Cosy and punk don’t really go together. Cosy is restrained, all nice and warm and snug. Whereas punk is noisy and destructive – angry tunes with aggressive attitudes and anti-establishment ideals. A cosy video game wants to tuck you up nice and tight with a warm drink and tell you everything’s going to be okay, but punk games tear that blanket off, pour your drink down the drain, and drag you to a window to look at the darker parts of the world, or what the world might become. Punk wants to make you feel uncomfortable. So when developer Patattie Games calls Wax Heads ‘cosy-punk’, you might raise an eyebrow.
Take one look at it, though, and you’ll see its ‘punk’ side isn’t leaning into the moodier, political meaning of the word. With its comic-book art style and vinyl record shop setting, Wax Heads only takes the stylings and sounds of ‘punk’, but it definitely fulfils its ‘cosy’ promise with its retail-sim-themed puzzles.

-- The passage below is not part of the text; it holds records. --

lemma carry_extends_full_prefix:
  assumes "length y = k" "j < k" "i < k" "j \<noteq> i"
    and "digit n (y ! j) = 0" "digit n (y ! i) = 1" "\<forall>l<k. digit (Suc n) (y ! l) = 1"
    and "\<forall>q<Suc n. omega (Suc q) y = k - 2"
  shows "\<forall>q<Suc (Suc n). omega (Suc q) (y[j := y ! j - 2 ^ n, i := y ! i + 2 ^ n]) = k - 2"
proof -
  define b where "b = y[j := y ! j - 2 ^ n, i := y ! i + 2 ^ n]"
  have lb: "length b = k"
    unfolding b_def using assms(1) by simp
  have bj: "b ! j = y ! j - 2 ^ n" and bi: "b ! i = y ! i + 2 ^ n"
    and bl: "\<And>l. l \<noteq> j \<Longrightarrow> l \<noteq> i \<Longrightarrow> b ! l = y ! l"
    unfolding b_def using assms(1-4) by simp_all
  have le: "2 ^ n \<le> y ! j" and borrow: "digit n (b ! j) = 1 \<and> digit (Suc n) (b ! j) = 0"
    using digits_sub_pow2_borrow[OF assms(5)] assms(2,7) bj by simp_all
  have carry: "digit n (b ! i) = 0 \<and> digit (Suc n) (b ! i) = 0"
    using digits_add_pow2_carry[OF assms(6)] assms(3,7) bi by simp
  have pair: "omega (Suc q) b + (digit q (y ! j) + digit q (y ! i))
      = omega (Suc q) y + (digit q (b ! j) + digit q (b ! i))" for q
    unfolding omega_Suc_eq_sum_digit lb assms(1)
    by (rule sum_agree_off_pair) (use assms(2-4) bl in auto)
  have "omega (Suc q) b = k - 2" if q: "q < Suc (Suc n)" for q
  proof -
    consider "q < n" | "q = n" | "q = Suc n"
      using q by linarith
    then show ?thesis
    proof cases
      case 1
      have "omega (Suc q) b = omega (Suc q) (y[j := y ! j - 2 ^ n])"
        unfolding b_def using omega_Suc_update_add_pow2_mult[OF 1, of "y[j := y ! j - 2 ^ n]" i 1] assms(4)
        by simp
      also have "\<dots> = omega (Suc q) y"
        using omega_Suc_update_sub_pow2[OF le 1] .
      finally show ?thesis
        using 1 assms(8) by simp
    next
      case 2
      then show ?thesis
        using pair[of n] borrow carry assms(5,6,8) by simp
    next
      case 3
      have "omega (Suc (Suc n)) y = k"
        using assms(1,7) omega_Suc_eq_length_iff[of "Suc n" y] by simp
      then show ?thesis
        using 3 pair[of "Suc n"] borrow carry assms(2,3,7) by simp
    qed
  qed
  then show ?thesis
    unfolding b_def by blast
qed

lemma borrow_mem_Sq_mon:
  assumes "j < length y" "digit n (y ! j) = 0" "digit (Suc n) (y ! j) = 1"
  shows "y \<in> Sq_mon (2 ^ n) (y[j := y ! j - 2 ^ n])"
proof -
  define a where "a = y[j := y ! j - 2 ^ n]"
  have "2 ^ n \<le> y ! j" "digit n (a ! j) = 1"
    using digits_sub_pow2_borrow[OF assms(2,3)] assms(1) unfolding a_def by simp_all
  then have odd: "odd (a ! j choose 2 ^ n)" and y: "a[j := a ! j + 2 ^ n] = y"
    unfolding odd_choose_pow2_iff digit_def a_def using assms(1) by auto
  have "j < length a"
    unfolding a_def using assms(1) by simp
  from update_add_mem_Sq_mon[OF this odd] have "y \<in> Sq_mon (2 ^ n) a"
    unfolding y .
  then show ?thesis
    unfolding a_def .
qed

lemma minus_mons_if_valuation_below:
  assumes "length a = k" "length t = k" "deg (map2 (+) a t) = (k - 2) * (2 ^ d - 1)" "n < d"
    "\<forall>q<n. omega (Suc q) a = k - 2" "\<forall>i<k. odd (a ! i choose t ! i)"
    "\<forall>i<k. 2 ^ p dvd t ! i" "i0 < k" "\<not> 2 ^ Suc p dvd t ! i0" "p < n"
  shows "map2 (+) a t \<in> minus_mons k d"
proof (rule minus_monsI)
  note drop = omega_Sq_mon_term_drop[of t a p i0]
  show "\<forall>q<p. omega (Suc q) (map2 (+) a t) = k - 2"
    using drop(1) assms by simp
  show "omega (Suc p) (map2 (+) a t) < k - 2"
    using drop(2) assms by simp
qed (use assms in simp_all)

lemma concentrated_Sq_mon_term:
  assumes "y = a[j := a ! j + 2 ^ n]" "j < length a" "b = map2 (+) a t" "b \<noteq> y"
    "length t = length a" "sum_list t = 2 ^ n" "\<forall>i<length a. 2 ^ n dvd t ! i"
    "\<forall>i<length a. odd (a ! i choose t ! i)"
  obtains i where "i < length a" "i \<noteq> j" "b = y[j := y ! j - 2 ^ n, i := y ! i + 2 ^ n]"
    "digit n (y ! i) = 1"
proof -
  obtain i where i: "i < length a" "t ! i = 2 ^ n" "\<forall>l<length a. l \<noteq> i \<longrightarrow> t ! l = 0"
    using single_support_if_sum_of_multiples[of "2 ^ n" t] assms(5-7) by auto
  have b: "b = a[i := a ! i + 2 ^ n]"
    using assms(3) map2_plus_single[OF assms(5) i(1)] i(2,3) by auto
  then have "i \<noteq> j"
    using assms(1,4) by blast
  have "odd (a ! i div 2 ^ n)"
    using assms(8) i(1,2) odd_choose_pow2_iff by metis
  then have "digit n (y ! i) = 1"
    using assms(1) \<open>i \<noteq> j\<close> by (simp add: digit_def odd_iff_mod_2_eq_one)
  moreover have "b = y[j := y ! j - 2 ^ n, i := y ! i + 2 ^ n]"
    using b assms(1,2) \<open>i \<noteq> j\<close> by (simp add: list_update_swap)
  ultimately show ?thesis
    using that i(1) \<open>i \<noteq> j\<close> by blast
qed

lemma heavy_Sq_mon_term:
  assumes "heavy k d y" "Suc n < d" "j < k" "digit n (y ! j) = 0" "digit (Suc n) (y ! j) = 1"
    and "b \<in> Sq_mon (2 ^ n) (y[j := y ! j - 2 ^ n])"
  shows "heavy k d b"
proof -
  define a where "a = y[j := y ! j - 2 ^ n]"
  obtain t where t: "b = map2 (+) a t" "length t = length a"
    using assms(6) unfolding Sq_mon_def a_def by blast
  obtain e where e: "e < k" "2 ^ d \<le> y ! e" and ly: "length y = k"
    using assms(1) unfolding heavy_def by blast
  have "2 ^ d \<le> a ! e"
  proof (cases "e = j")
    case True
    have "2 ^ d \<le> y ! j - 2 ^ n"
      using ge_pow2_after_sub_below_digit[of d "y ! j" "Suc n" "2 ^ n"] e(2) True assms(2,5) by simp
    then show ?thesis
      using True assms(3) ly unfolding a_def by simp
  next
    case False
    then show ?thesis
      using e(2) unfolding a_def by simp
  qed
  moreover have "deg b = deg y"
    using deg_Sq_mon[OF assms(6)] deg_Sq_mon[OF borrow_mem_Sq_mon[of j y n]] assms(3-5) ly by simp
  ultimately show ?thesis
    using assms(1) t e(1) unfolding heavy_def a_def by auto
qed

lemma Sq_mon_term_negligible:
  assumes IH: "\<And>b. heavy k d b \<Longrightarrow> \<forall>q<Suc (Suc n). omega (Suc q) b = k - 2 \<Longrightarrow> {b} \<in> negligible k d"
    and y: "heavy k d y" "Suc n < d" "\<forall>q<Suc n. omega (Suc q) y = k - 2"
    and j: "j < k" "digit n (y ! j) = 0" and ones: "\<forall>l<k. digit (Suc n) (y ! l) = 1"
    and b: "b \<in> Sq_mon (2 ^ n) (y[j := y ! j - 2 ^ n])" "b \<noteq> y"
  shows "{b} \<in> negligible k d"
proof -
  define a where "a = y[j := y ! j - 2 ^ n]"
  obtain t where t: "b = map2 (+) a t" "length t = length a" "sum_list t = 2 ^ n"
    "\<forall>i<length a. odd (a ! i choose t ! i)"
    using b(1) unfolding Sq_mon_def a_def by blast
  have ly: "length y = k" and la: "length a = k"
    using y(1) unfolding heavy_def a_def by simp_all
  have le: "2 ^ n \<le> y ! j"
    using digits_sub_pow2_borrow(1)[OF j(2)] ones j(1) by simp
  then have ya: "y = a[j := a ! j + 2 ^ n]"
    using ly j(1) unfolding a_def by simp
  have a_prefix: "\<forall>q<n. omega (Suc q) a = k - 2"
    using y(3) omega_Suc_update_sub_pow2[OF le] unfolding a_def by simp
  have heavy_b: "heavy k d b"
    using heavy_Sq_mon_term[OF y(1,2) j] ones j(1) b(1) by simp
  have "\<exists>i<k. t ! i \<noteq> 0"
    using t(2,3) la by (metis in_set_conv_nth sum_list_eq_0_iff power_not_zero zero_neq_numeral)
  then obtain p i0 where p: "\<forall>i<k. 2 ^ p dvd t ! i" and i0: "i0 < k" "\<not> 2 ^ Suc p dvd t ! i0"
    using ex_pow2_valuation[of _ "{..<k}" "(!) t"] by blast
  show ?thesis
  proof (cases "p < n")
    case True
    then show ?thesis
      using minus_mons_if_valuation_below[OF la _ _ _ a_prefix _ p i0 True] t heavy_b la y(2)
      unfolding heavy_def
      by (simp add: negligible_singleton_if_minus_mons)
  next
    case False
    then have "\<forall>i<length a. 2 ^ n dvd t ! i"
      using p la by (meson dvd_trans le_imp_power_dvd not_less)
    then obtain i where i: "i < k" "i \<noteq> j" "b = y[j := y ! j - 2 ^ n, i := y ! i + 2 ^ n]"
      "digit n (y ! i) = 1"
      using concentrated_Sq_mon_term[OF ya _ t(1) b(2) t(2,3) _ t(4)] j(1) la by auto
    have "\<forall>q<Suc (Suc n). omega (Suc q) b = k - 2"
      using carry_extends_full_prefix[OF ly j(1) i(1) i(2)[symmetric] j(2) i(4) ones y(3)] i(3) by simp
    with heavy_b show ?thesis
      by (rule IH)
  qed
qed

lemma carry_step:
  assumes IH: "\<And>b. heavy k d b \<Longrightarrow> \<forall>q<Suc (Suc n). omega (Suc q) b = k - 2 \<Longrightarrow> {b} \<in> negligible k d"
    and y: "heavy k d y" "Suc n < d" "\<forall>q<Suc n. omega (Suc q) y = k - 2"
    and j: "j < k" "digit n (y ! j) = 0" and ones: "\<forall>l<k. digit (Suc n) (y ! l) = 1"
  shows "{y} \<in> negligible k d"
proof -
  define S where "S = Sq_mon (2 ^ n) (y[j := y ! j - 2 ^ n])"
  have ly: "length y = k"
    using y(1) unfolding heavy_def by simp
  have "y \<in> S"
    unfolding S_def using borrow_mem_Sq_mon[of j y n] j ones ly by simp
  then have "{y} = padd S (S - {y})"
    unfolding padd_def by blast
  moreover have "S \<in> negligible k d"
    unfolding S_def using y(2) ly
    by (intro negligible_if_hit Sq_mon_hit) (simp_all add: power_strict_increasing)
  moreover have "S - {y} \<in> negligible k d"
  proof (rule negligible_if_singletons)
    show "finite (S - {y})"
      unfolding S_def by (simp add: finite_Sq_mon)
    show "{b} \<in> negligible k d" if "b \<in> S - {y}" for b
      using that unfolding S_def by (intro Sq_mon_term_negligible[OF IH y j ones]) simp_all
  qed
  ultimately show ?thesis
    by (metis negligible_padd)
qed

section \<open>The induction on the initial run of weights\<close>

lemma carry_position:
  assumes "omega (Suc m) y < length y" "omega (Suc (Suc m)) y = length y"
  obtains j where "j < length y" "digit m (y ! j) = 0" "\<forall>l<length y. digit (Suc m) (y ! l) = 1"
proof -
  obtain j where "j < length y" "digit m (y ! j) \<noteq> 1"
    using assms(1) omega_Suc_eq_length_iff[of m y] by auto
  moreover have "\<forall>l<length y. digit (Suc m) (y ! l) = 1"
    using assms(2) omega_Suc_eq_length_iff by blast
  ultimately show ?thesis
    using that digit_le_1[of m "y ! j"] by simp
qed

lemma ex_ge_pow2_if_omega_pos:
  assumes "d \<le> q" "0 < omega (Suc q) x"
  shows "\<exists>i<length x. 2 ^ d \<le> x ! i"
proof -
  obtain i where i: "i < length x" "digit q (x ! i) \<noteq> 0"
    using assms(2) by (metis omega_Suc_eq_sum_digit sum.neutral lessThan_iff less_irrefl)
  then have "2 ^ q \<le> x ! i"
    unfolding digit_def by (metis div_less mod_0 not_less)
  moreover have "(2::nat) ^ d \<le> 2 ^ q"
    using assms(1) by simp
  ultimately show ?thesis
    using i(1) order.trans by blast
qed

After a brief introduction chronicles how the mega-popular Becoming Violet band started and broke up in the 1980s, you start Wax Head’s Steam Next Fest demo as a new, nameless employee decades later at Repeater Records, a struggling record shop. It’s owned by Morgan, the old leading lady of Becoming Violet, and she explains your job as the new hire is to listen to the customers’ (often confusing) descriptions of what record they want to buy, before then searching the shop for it. Pick a good suggestion and you get more points, but offer a really bad one and you can lose points. It’s not clear what the points are for in the demo, but it seems likely that they might affect the fate of the record shop in the full release.